▶ [Task to carry out]: Each line of the data below that carries the word "intro" needs to be copied.

:: Material for this task

(* Let $X$ be an $\mathrm{OA}(N,k,2,t_1)$ and $Y$ an $\mathrm{OA}(N,k,2,t_2)$, both with symbols from $\{-1,1\}$, with strengths $t_1\ge1$ and $t_2\ge1$. Then $X$ and $Y$ are OD-equivalent if and only if the multiset of rows of $X$ equals the multiset of rows of $g(Y)$ for some $g\in G(k)^{\rm OD}$.
   Context: An $\mathrm{OA}(N,k,s,t)$ with $t\in\{0,\dots,k\}$ is an $N\times k$ array over an $s$-element symbol set such that in every $N\times t$ subarray each of the $s^t$ possible $t$-tuples appears exactly $N/s^t$ times as a row. Two $N\times k$ arrays $Y_1,Y_2$ over $\{-1,1\}$ are Hadamard equivalent if $Y_2=P_1D_1Y_1D_2P_2$ for permutation matrices $P_1,P_2$ and diagonal $\pm1$ matrices $D_1,D_2$ (i.e. obtained by signed permutations of rows and columns). $X_1,X_2$ are OD-equivalent if $[\mathbf{1},X_1]$ and $[\mathbf{1},X_2]$ are Hadamard equivalent. $G(k)^{\rm OD}$ is the group of permutations of $\{-1,1\}^k$ generated by coordinate permutations, sign changes of single coordinates, and $R_i(z_1,\dots,z_k)=(z_1z_i,\dots,z_{i-1}z_i,z_i,z_{i+1}z_i,\dots,z_kz_i)$ for $i=1,\dots,k$; it acts on arrays row by row. *)

theory Defs
  imports "HOL-Library.Multiset" "HOL-Combinatorics.Permutations"
begin

text \<open>Arrays over the symbol set {-1,1}: an N x k array is a list of N rows,
  each row an int list of length k. Indices are 0-based.\<close>

definition pm1_array :: "nat \<Rightarrow> nat \<Rightarrow> int list list \<Rightarrow> bool" where
  "pm1_array N k X \<longleftrightarrow> length X = N \<and>
     (\<forall>r\<in>set X. length r = k \<and> set r \<subseteq> {-1, 1})"

definition is_OA :: "nat \<Rightarrow> nat \<Rightarrow> nat \<Rightarrow> int list list \<Rightarrow> bool" where
  "is_OA N k t X \<longleftrightarrow> pm1_array N k X \<and> t \<le> k \<and>
     (\<forall>cs v. distinct cs \<and> length cs = t \<and> set cs \<subseteq> {..<k} \<and>
             length v = t \<and> set v \<subseteq> {-1, 1} \<longrightarrow>
        card {i. i < N \<and> map (\<lambda>c. X ! i ! c) cs = v} * 2 ^ t = N)"

definition hadamard_equiv :: "nat \<Rightarrow> nat \<Rightarrow> int list list \<Rightarrow> int list list \<Rightarrow> bool" where
  "hadamard_equiv N k Y1 Y2 \<longleftrightarrow>
     (\<exists>\<sigma> \<tau> (a :: nat \<Rightarrow> int) (b :: nat \<Rightarrow> int).
        \<sigma> permutes {..<N} \<and> \<tau> permutes {..<k} \<and>
        (\<forall>i<N. a i \<in> {-1, 1}) \<and> (\<forall>j<k. b j \<in> {-1, 1}) \<and>
        (\<forall>i<N. \<forall>j<k. Y2 ! i ! j = a (\<sigma> i) * Y1 ! (\<sigma> i) ! (\<tau> j) * b (\<tau> j)))"

definition OD_equiv :: "nat \<Rightarrow> nat \<Rightarrow> int list list \<Rightarrow> int list list \<Rightarrow> bool" where
  "OD_equiv N k X1 X2 \<longleftrightarrow>
     hadamard_equiv N (Suc k) (map (\<lambda>r. 1 # r) X1) (map (\<lambda>r. 1 # r) X2)"

definition coord_perm :: "nat \<Rightarrow> (nat \<Rightarrow> nat) \<Rightarrow> int list \<Rightarrow> int list" where
  "coord_perm k \<pi> z = map (\<lambda>j. z ! \<pi> j) [0..<k]"

definition sign_change :: "nat \<Rightarrow> int list \<Rightarrow> int list" where
  "sign_change i z = z[i := - (z ! i)]"

definition R_map :: "nat \<Rightarrow> nat \<Rightarrow> int list \<Rightarrow> int list" where
  "R_map k i z = map (\<lambda>j. if j = i then z ! i else z ! j * z ! i) [0..<k]"

text \<open>All generators are bijections of the finite
  set {-1,1}^k whose inverses are again generators, so the generated monoid
  (closure of id under composition with generators) is the generated group.\<close>

inductive_set G_OD :: "nat \<Rightarrow> (int list \<Rightarrow> int list) set" for k :: nat where
  G_id: "id \<in> G_OD k"
| G_perm: "g \<in> G_OD k \<Longrightarrow> \<pi> permutes {..<k} \<Longrightarrow> coord_perm k \<pi> \<circ> g \<in> G_OD k"
| G_sign: "g \<in> G_OD k \<Longrightarrow> i < k \<Longrightarrow> sign_change i \<circ> g \<in> G_OD k"
| G_R: "g \<in> G_OD k \<Longrightarrow> i < k \<Longrightarrow> R_map k i \<circ> g \<in> G_OD k"

end

theory Submission
  imports Defs
begin

(* Prepending the all-ones column turns OD-equivalence of X and Y into Hadamard equivalence of
   [1,X] and [1,Y]. Coordinate permutations and sign changes act on [1,z] as signed column
   permutations fixing column 0, and R_i acts as the swap of column 0 with the column of
   coordinate i followed by the row sign z_i; with row permutations this gives the "if" direction.
   Conversely, in a Hadamard equivalence with column permutation tau, column tau(0) of [1,X] is
   sent to the all-ones column, which forces every row sign to be the corresponding entry of that
   column. Applying the R map that brings column tau(0) to the front therefore leaves a signed
   coordinate permutation, which lies in G(k)^OD, and the row permutation only reorders the
   multiset of rows. *)

definition pm1_row :: "nat \<Rightarrow> int list \<Rightarrow> bool" where
  "pm1_row k z \<longleftrightarrow> length z = k \<and> set z \<subseteq> {-1, 1}"

lemma pm1_array_iff: "pm1_array N k X \<longleftrightarrow> length X = N \<and> (\<forall>z\<in>set X. pm1_row k z)"
  by (auto simp: pm1_array_def pm1_row_def)

lemma pm1_row_iff_nth: "pm1_row k z \<longleftrightarrow> length z = k \<and> (\<forall>j<k. z ! j \<in> {-1, 1})"
  by (auto simp: pm1_row_def set_conv_nth)

lemma pm1_row_nth: "pm1_row k z \<Longrightarrow> j < k \<Longrightarrow> z ! j \<in> {-1, 1}"
  by (simp add: pm1_row_iff_nth)

lemma pm1_row_Cons_one_nth: "pm1_row k z \<Longrightarrow> p < Suc k \<Longrightarrow> (1 # z) ! p \<in> {-1, 1}"
  using pm1_row_nth[of k z] by (cases p) auto

lemma pm1_array_nth: "pm1_array N k X \<Longrightarrow> i < N \<Longrightarrow> pm1_row k (X ! i)"
  by (simp add: pm1_array_iff)

lemma pm1_row_map_upt: "pm1_row k (map f [0..<k]) \<longleftrightarrow> (\<forall>j<k. f j \<in> {-1, 1})"
  by (simp add: pm1_row_iff_nth)

lemma pm1_row_G_OD: "g \<in> G_OD k \<Longrightarrow> pm1_row k z \<Longrightarrow> pm1_row k (g z)"
proof (induction g rule: G_OD.induct)
  case (G_perm g \<pi>)
  then have gz: "pm1_row k (g z)" by blast
  show ?case
    unfolding comp_apply coord_perm_def pm1_row_map_upt
    using pm1_row_nth[OF gz] permutes_in_image[OF G_perm.hyps(2)] by simp
next
  case (G_sign g i)
  then show ?case by (auto simp: pm1_row_iff_nth sign_change_def nth_list_update)
next
  case (G_R g i)
  then have gz: "pm1_row k (g z)" by blast
  have "(if j = i then g z ! i else g z ! j * g z ! i) \<in> {-1, 1}" if "j < k" for j
    using pm1_row_nth[OF gz that] pm1_row_nth[OF gz G_R.hyps(2)] by auto
  then show ?case unfolding comp_apply R_map_def pm1_row_map_upt by blast
qed simp

lemma pm1_array_map_G_OD: "g \<in> G_OD k \<Longrightarrow> pm1_array N k X \<Longrightarrow> pm1_array N k (map g X)"
  by (auto simp: pm1_array_iff pm1_row_G_OD)

lemma G_OD_comp: "g \<in> G_OD k \<Longrightarrow> h \<in> G_OD k \<Longrightarrow> g \<circ> h \<in> G_OD k"
  by (induction g rule: G_OD.induct) (auto simp: comp_assoc intro: G_OD.intros)

lemma sign_flips_in_G_OD:
  assumes "finite M" "M \<subseteq> {..<k}"
  shows "\<exists>g\<in>G_OD k. \<forall>z. length z = k \<longrightarrow>
           g z = map (\<lambda>j. if j \<in> M then - z ! j else z ! j) [0..<k]"
  using assms
proof (induction M rule: finite_induct)
  case empty
  have "id z = map (\<lambda>j. if j \<in> {} then - z ! j else z ! j) [0..<k]"
    if "length z = k" for z :: "int list"
    using that map_nth[of z] by simp
  with G_OD.G_id show ?case by blast
next
  case (insert m M)
  then obtain g where g: "g \<in> G_OD k"
    and g_eq: "\<And>z. length z = k \<Longrightarrow> g z = map (\<lambda>j. if j \<in> M then - z ! j else z ! j) [0..<k]"
    by blast
  have m: "m < k" using insert.prems by simp
  have "sign_change m (g z) = map (\<lambda>j. if j \<in> insert m M then - z ! j else z ! j) [0..<k]"
    if "length z = k" for z
  proof (rule nth_equalityI)
    fix j assume "j < length (sign_change m (g z))"
    then have "j < k" using g_eq[OF that] by (simp add: sign_change_def)
    then show "sign_change m (g z) ! j = map (\<lambda>j. if j \<in> insert m M then - z ! j else z ! j) [0..<k] ! j"
      using g_eq[OF that] m insert.hyps(2) by (cases "j = m") (simp_all add: sign_change_def)
  qed (simp add: g_eq[OF that] sign_change_def)
  with G_OD.G_sign[OF g m] show ?case by (intro bexI[of _ "sign_change m \<circ> g"]) simp_all
qed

::::

▶ [Task result]:
  by (induction g rule: G_OD.induct) (auto simp: comp_assoc intro: G_OD.intros)
  with G_OD.G_sign[OF g m] show ?case by (intro bexI[of _ "sign_change m \<circ> g"]) simp_all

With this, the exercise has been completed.